The minimum value of $E(\mathbf{w})$ ("Pattern Recognition and Machine Learning" by Christopher M. Bishop)

75 Views Asked by At

I am reading "Pattern Recognition and Machine Learning" by Christopher M. Bishop.

$y(x,\mathbf{w}):=w_0+w_1x+w_2x^2+\dots+w_Mx^M$, where the polynomial coefficients $w_0,\dots,w_M$ are collectively denoted by the vector $\mathbf{w}.$

$E(\mathbf{w}):=\frac{1}{2}\sum_{n=1}^N(y(x_n,\mathbf{w})-t_n)^2,$ where $x_1,\dots,x_N,t_1,\dots,t_n$ are real numbers.

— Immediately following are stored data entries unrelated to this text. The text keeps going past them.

(* For integers $i\ge0$, $j\ge0$, $j_1\ge0$, $j_2\ge0$ and real $k_1,k_2,k$: (a) $b_{i,j_1+j_2,0}=\sum_{r=0}^{i}\binom{i}{r}b_{r,j_1,k}\,b_{i-r,j_2,-k}$; (b) $b_{i,j,0}=\sum_{r=0}^{i}\binom{i}{r}k^r\,b_{i-r,j,-k}$; (c) $b_{i,j,k}=\sum_{r=0}^{i}\binom{i}{r}k^{i-r}\,b_{r,j,0}$; (d) $b_{i,j,k_1+k_2}=\sum_{r=0}^{i}\binom{i}{r}k_1^{i-r}\,b_{r,j,k_2}$; (e) if $j\ge1$, then $j\cdot b_{i,j-1,k+1}=\sum_{r=0}^{i}\binom{i}{r}k^{i-r}\,b_{r+1,j,0}$.
   Context: For integers $i\ge0$, $j\ge0$ and real $k$, $b_{i,j,k}=\sum_{r=0}^{j}\binom{j}{r}(-1)^{j-r}(r+k)^i$, with the convention $0^0=1$ (also in the powers of $k$, $k_1$ appearing above). *)

theory Defs
  imports Complex_Main
begin

text \<open>b i j k = sum over r from 0 to j of (j choose r) (-1)^(j-r) (r+k)^i.
  Powers use the natural-number exponent, so 0^0 = 1 as required.\<close>
definition b :: "nat \<Rightarrow> nat \<Rightarrow> real \<Rightarrow> real" where
  "b i j k = (\<Sum>r=0..j. real (j choose r) * (-1) ^ (j - r) * (real r + k) ^ i)"

end

theory Submission
  imports Defs
begin

text \<open>\<open>b i j k\<close> is the \<open>j\<close>-th forward difference of \<open>x ^ i\<close> at \<open>k\<close>. Iterated forward
  differences are linear, commute with translations and compose additively, and the \<open>(m + 1)\<close>-st
  difference of \<open>x * f x\<close> at \<open>0\<close> is \<open>m + 1\<close> times the \<open>m\<close>-th difference of \<open>f\<close> at \<open>1\<close>.
  Expanding \<open>(x + c) ^ i\<close> binomially gives (d), of which (b) and (c) are special cases; (a) follows
  by splitting the \<open>(j1 + j2)\<close>-th difference into a \<open>j2\<close>-th difference of a \<open>j1\<close>-th one and
  expanding the inner one by (d); (e) is the identity for \<open>x * f x\<close> with \<open>f x = (x + k) ^ i\<close>.\<close>

definition fwd_diff :: "('a::semiring_1 \<Rightarrow> 'b::ab_group_add) \<Rightarrow> 'a \<Rightarrow> 'b" where
  "fwd_diff f x = f (x + 1) - f x"

lemma alternating_binomial_sum_Suc:
  fixes h :: "nat \<Rightarrow> 'a::comm_ring_1"
  shows "(\<Sum>r\<le>Suc j. of_nat (Suc j choose r) * (-1) ^ (Suc j - r) * h r)
    = (\<Sum>r\<le>j. of_nat (j choose r) * (-1) ^ (j - r) * h (Suc r))
      - (\<Sum>r\<le>j. of_nat (j choose r) * (-1) ^ (j - r) * h r)"
proof -
  have lower: "(\<Sum>r\<le>Suc j. of_nat (j choose r) * (-1) ^ (Suc j - r) * h r)
      = - (\<Sum>r\<le>j. of_nat (j choose r) * (-1) ^ (j - r) * h r)"
    by (simp add: Suc_diff_le sum_negf binomial_eq_0)
  have upper: "(\<Sum>r\<le>Suc j. of_nat (if r = 0 then 0 else j choose (r - 1)) * (-1) ^ (Suc j - r) * h r)
      = (\<Sum>r\<le>j. of_nat (j choose r) * (-1) ^ (j - r) * h (Suc r))"
    by (subst sum.atMost_Suc_shift) simp
  have "Suc j choose r = (j choose r) + (if r = 0 then 0 else j choose (r - 1))" for r
    by (cases r) simp_all
  then have "(\<Sum>r\<le>Suc j. of_nat (Suc j choose r) * (-1) ^ (Suc j - r) * h r)
      = (\<Sum>r\<le>Suc j. of_nat (j choose r) * (-1) ^ (Suc j - r) * h r)
      + (\<Sum>r\<le>Suc j. of_nat (if r = 0 then 0 else j choose (r - 1)) * (-1) ^ (Suc j - r) * h r)"
    by (simp only: of_nat_add distrib_right sum.distrib)
  then show ?thesis
    by (simp only: lower upper) simp
qed

lemma funpow_fwd_diff_Suc:
  "(fwd_diff ^^ Suc j) f x = (fwd_diff ^^ j) f (x + 1) - (fwd_diff ^^ j) f x"
  by (simp only: funpow.simps comp_apply) (rule fwd_diff_def)

lemma funpow_fwd_diff_eq_sum:
  "(fwd_diff ^^ j) f x = (\<Sum>r\<le>j. of_nat (j choose r) * (-1) ^ (j - r) * f (x + of_nat r))"
  for f :: "'a::semiring_1 \<Rightarrow> 'b::comm_ring_1"
proof (induction j arbitrary: x)
  case 0
  then show ?case by simp
next
  case (Suc j)
  show ?case
    by (simp only: funpow_fwd_diff_Suc Suc.IH alternating_binomial_sum_Suc) (simp add: add_ac)
qed

lemma funpow_fwd_diff_shift:
  "(fwd_diff ^^ j) f (x + c) = (fwd_diff ^^ j) (\<lambda>y. f (y + c)) x"
  for f :: "'a::semiring_1 \<Rightarrow> 'b::comm_ring_1"
  by (simp add: funpow_fwd_diff_eq_sum add_ac)

lemma funpow_fwd_diff_sum:
  "(fwd_diff ^^ j) (\<lambda>x. \<Sum>r\<in>A. c r * g r x) y = (\<Sum>r\<in>A. c r * (fwd_diff ^^ j) (g r) y)"
  for g :: "'i \<Rightarrow> 'a::semiring_1 \<Rightarrow> 'b::ring"
proof (induction j arbitrary: y)
  case 0
  then show ?case by simp
next
  case (Suc j)
  then show ?case
    by (simp only: funpow_fwd_diff_Suc) (simp add: sum_subtractf right_diff_distrib)
qed

lemma funpow_fwd_diff_times_id:
  "(fwd_diff ^^ Suc m) (\<lambda>x. x * f x) 0 = of_nat (Suc m) * (fwd_diff ^^ m) f 1"
  for f :: "'a::comm_ring_1 \<Rightarrow> 'a"
proof -
  have "(fwd_diff ^^ Suc m) (\<lambda>x. x * f x) 0
      = (\<Sum>r\<le>m. of_nat (Suc m choose Suc r) * (-1) ^ (m - r) * (of_nat (Suc r) * f (of_nat (Suc r))))"
    by (simp only: funpow_fwd_diff_eq_sum sum.atMost_Suc_shift) simp
  also have "\<dots> = (\<Sum>r\<le>m. of_nat (Suc m) * (of_nat (m choose r) * (-1) ^ (m - r) * f (of_nat (Suc r))))"
  proof (rule sum.cong)
    fix r
    have "of_nat (Suc m choose Suc r) * (-1) ^ (m - r) * (of_nat (Suc r) * f (of_nat (Suc r)))
        = (of_nat (Suc m choose Suc r) * of_nat (Suc r)) * ((-1) ^ (m - r) * f (of_nat (Suc r)) :: 'a)"
      by (simp only: mult_ac)
    also have "\<dots> = (of_nat (Suc m) * of_nat (m choose r)) * ((-1) ^ (m - r) * f (of_nat (Suc r)))"
      by (simp only: Suc_times_binomial_eq flip: of_nat_mult)
    finally show "of_nat (Suc m choose Suc r) * (-1) ^ (m - r) * (of_nat (Suc r) * f (of_nat (Suc r)))
        = of_nat (Suc m) * (of_nat (m choose r) * (-1) ^ (m - r) * f (of_nat (Suc r)))"
      by (simp only: mult_ac)
  qed simp
  finally show ?thesis
    by (simp add: funpow_fwd_diff_eq_sum sum_distrib_left add.commute)
qed

lemma sum_binomial_reflect:
  "(\<Sum>r=0..n. of_nat (n choose r) * a ^ (n - r) * g r) = (\<Sum>r=0..n. of_nat (n choose r) * a ^ r * g (n - r))"
  for a :: "'a::comm_semiring_1"
  by (subst sum.atLeastAtMost_rev) (auto intro: sum.cong simp: binomial_symmetric[symmetric])

lemma b_eq_funpow_fwd_diff: "b i j k = (fwd_diff ^^ j) (\<lambda>x. x ^ i) k"
  by (simp add: b_def funpow_fwd_diff_eq_sum atMost_atLeast0 add.commute)

lemma b_add_eq_sum: "b i j (k1 + k2) = (\<Sum>r=0..i. real (i choose r) * k1 ^ (i - r) * b r j k2)"
proof -
  have "b i j (k1 + k2) = (fwd_diff ^^ j) (\<lambda>x. x ^ i) (k2 + k1)"
    by (simp add: b_eq_funpow_fwd_diff add.commute)
  also have "\<dots> = (fwd_diff ^^ j) (\<lambda>x. (x + k1) ^ i) k2"
    by (rule funpow_fwd_diff_shift)
  also have "\<dots> = (fwd_diff ^^ j) (\<lambda>x. \<Sum>r=0..i. (real (i choose r) * k1 ^ (i - r)) * x ^ r) k2"
    by (simp add: binomial_ring atMost_atLeast0 mult_ac)
  finally show ?thesis
    by (simp add: funpow_fwd_diff_sum b_eq_funpow_fwd_diff)
qed

lemma b_add_convolution:
  "b i (j1 + j2) (k1 + k2) = (\<Sum>r=0..i. real (i choose r) * b r j1 k1 * b (i - r) j2 k2)"
proof -
  have "b i (j1 + j2) (k1 + k2) = (fwd_diff ^^ j2) (\<lambda>y. b i j1 (y + k1)) k2"
    by (simp add: b_eq_funpow_fwd_diff add.commute[of j1] funpow_add funpow_fwd_diff_shift
        add.commute[of k1])
  also have "\<dots> = (fwd_diff ^^ j2) (\<lambda>y. \<Sum>r=0..i. (real (i choose r) * b r j1 k1) * y ^ (i - r)) k2"
    by (simp add: b_add_eq_sum mult_ac)
  finally show ?thesis
    by (simp add: funpow_fwd_diff_sum b_eq_funpow_fwd_diff)
qed

lemma of_nat_Suc_mult_b:
  "real (Suc m) * b i m (k + 1) = (\<Sum>r=0..i. real (i choose r) * k ^ (i - r) * b (r + 1) (Suc m) 0)"
proof -
  have "(\<Sum>r=0..i. real (i choose r) * k ^ (i - r) * b (r + 1) (Suc m) 0)
      = (fwd_diff ^^ Suc m) (\<lambda>x. \<Sum>r=0..i. (real (i choose r) * k ^ (i - r)) * x ^ (r + 1)) 0"
    by (simp only: funpow_fwd_diff_sum b_eq_funpow_fwd_diff)
  also have "(\<lambda>x. \<Sum>r=0..i. (real (i choose r) * k ^ (i - r)) * x ^ (r + 1)) = (\<lambda>x. x * (x + k) ^ i)"
    by (simp add: binomial_ring atMost_atLeast0 sum_distrib_left mult_ac)
  also have "(fwd_diff ^^ Suc m) (\<lambda>x. x * (x + k) ^ i) 0 = real (Suc m) * (fwd_diff ^^ m) (\<lambda>x. (x + k) ^ i) 1"
    by (rule funpow_fwd_diff_times_id)
  finally show ?thesis
    by (simp add: b_eq_funpow_fwd_diff funpow_fwd_diff_shift add.commute)
qed

theorem mainTheorem9:
  fixes i j j1 j2 :: nat and k1 k2 k :: real
  shows "b i (j1 + j2) 0 = (\<Sum>r=0..i. real (i choose r) * b r j1 k * b (i - r) j2 (- k))
    \<and> b i j 0 = (\<Sum>r=0..i. real (i choose r) * k ^ r * b (i - r) j (- k))
    \<and> b i j k = (\<Sum>r=0..i. real (i choose r) * k ^ (i - r) * b r j 0)
    \<and> b i j (k1 + k2) = (\<Sum>r=0..i. real (i choose r) * k1 ^ (i - r) * b r j k2)
    \<and> (j \<ge> 1 \<longrightarrow> real j * b i (j - 1) (k + 1) = (\<Sum>r=0..i. real (i choose r) * k ^ (i - r) * b (r + 1) j 0))"
proof (intro conjI impI)
  show "b i (j1 + j2) 0 = (\<Sum>r=0..i. real (i choose r) * b r j1 k * b (i - r) j2 (- k))"
    using b_add_convolution[of i j1 j2 k "- k"] by simp
  show "b i j 0 = (\<Sum>r=0..i. real (i choose r) * k ^ r * b (i - r) j (- k))"
    using b_add_eq_sum[of i j k "- k"] by (simp add: sum_binomial_reflect)
  show "b i j k = (\<Sum>r=0..i. real (i choose r) * k ^ (i - r) * b r j 0)"
    using b_add_eq_sum[of i j k 0] by simp
  show "b i j (k1 + k2) = (\<Sum>r=0..i. real (i choose r) * k1 ^ (i - r) * b r j k2)"
    by (rule b_add_eq_sum)
  assume "j \<ge> 1"
  then obtain m where "j = Suc m"
    using not0_implies_Suc by fastforce
  then show "real j * b i (j - 1) (k + 1) = (\<Sum>r=0..i. real (i choose r) * k ^ (i - r) * b (r + 1) j 0)"
    using of_nat_Suc_mult_b by simp
qed

end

The author wrote how to find the value of $\mathbf{w}$ for which $E(\mathbf{w})$ is as small as possible:

We can solve the curve fitting problem by choosing the value of $\mathbf{w}$ for which $E(\mathbf{w})$ is as small as possible. Because the error function is a quadratic function of the coefficients $\mathbf{w}$, its derivatives with respect to the coefficients will be linear in the elements of $\mathbf{w}$, and so the minimization of the error function has a unique solution, denoted by $\mathbf{w}^{*}$, which can be found in closed form. The resulting polynomial is given by the function $y(x, \mathbf{w}^{*}).$

I think the following argument is not right:

Because $\frac{\partial E}{\partial w_i}(\mathbf{w}^{*})=0$ for any $i\in\{0,1,\dots,M\}$, $E(\mathbf{w}^{*})$ is the minimum value of $E.$

So, I tried to prove $E(\mathbf{w}^{*})$ is really the minimum value of $E.$

$E$ is a quadratic function of the coefficients $\mathbf{w}.$
So, we can write $E(\mathbf{w})=(\mathbf{w},H\mathbf{w})+(\mathbf{a},\mathbf{w})+c$, where $H$ is a symmetric matrix and $\mathbf{a}\in\mathbb{R}^{M+1}$ and $c\in\mathbb{R}$.
$$E(\mathbf{w}-\mathbf{p})=(\mathbf{w}-\mathbf{p},H(\mathbf{w}-\mathbf{p}))+(\mathbf{a},\mathbf{w}-\mathbf{p})+c\\=(\mathbf{w},H\mathbf{w})-(\mathbf{w},H\mathbf{p})-(\mathbf{p},H\mathbf{w})+(\mathbf{p},H\mathbf{p})+(\mathbf{a},\mathbf{w})-(\mathbf{a},\mathbf{p})+c\\=(\mathbf{w},H\mathbf{w})-2(H\mathbf{p},\mathbf{w})+(\mathbf{a},\mathbf{w})+(\mathbf{p},H\mathbf{p})-(\mathbf{a},\mathbf{p})+c.$$
So, if $2H\mathbf{p}=\mathbf{a}$, then $E(\mathbf{w}-\mathbf{p})-((\mathbf{p},H\mathbf{p})-(\mathbf{a},\mathbf{p})+c)=(\mathbf{w},H\mathbf{w})$ is a quadratic form.
$H=\frac{1}{2}\begin{pmatrix} x_1^0 & \cdots & x_1^M \\ \vdots & \cdots & \vdots \\ x_N^0 & \cdots &x_N^M \end{pmatrix}^T \begin{pmatrix} x_1^0 & \cdots & x_1^M \\ \vdots & \cdots & \vdots \\ x_N^0 & \cdots &x_N^M \end{pmatrix}.$
We assume that $x_i\neq x_j$ for any $i,j$ such that $i,j\in\{1,\dots,N\}$ and $i\neq j.$
Then, $H$ is non-singular since $\begin{pmatrix} x_1^0 & \cdots & x_1^M \\ \vdots & \cdots & \vdots \\ x_N^0 & \cdots &x_N^M \end{pmatrix}$ is a Vandermonde matrix.
So, $2H\mathbf{p}=\mathbf{a}$ has a solution.
Let $2H\mathbf{p}_0=\mathbf{a}$.
Then, $E'(\mathbf{w}):=E(\mathbf{w}-\mathbf{p}_0)-((\mathbf{p}_0,H\mathbf{p}_0)-(\mathbf{a},\mathbf{p}_0)+c)=(\mathbf{w},H\mathbf{w})$ is a quadratic form.
Obviously, the minimum value of $E$ exists if and only if the minimum value of $E'$ exists.
So, we prove that the minimum value of $E'$ exists.
Since $H=\frac{1}{2}V^T V$, where $V=\begin{pmatrix} x_1^0 & \cdots & x_1^M \\ \vdots & \cdots & \vdots \\ x_N^0 & \cdots &x_N^M \end{pmatrix}$, $H$ is positive-definite.
So, the unique minimum value of $E'$ exists. So, the unique minimum value of $E$ exists.

Is my proof ok?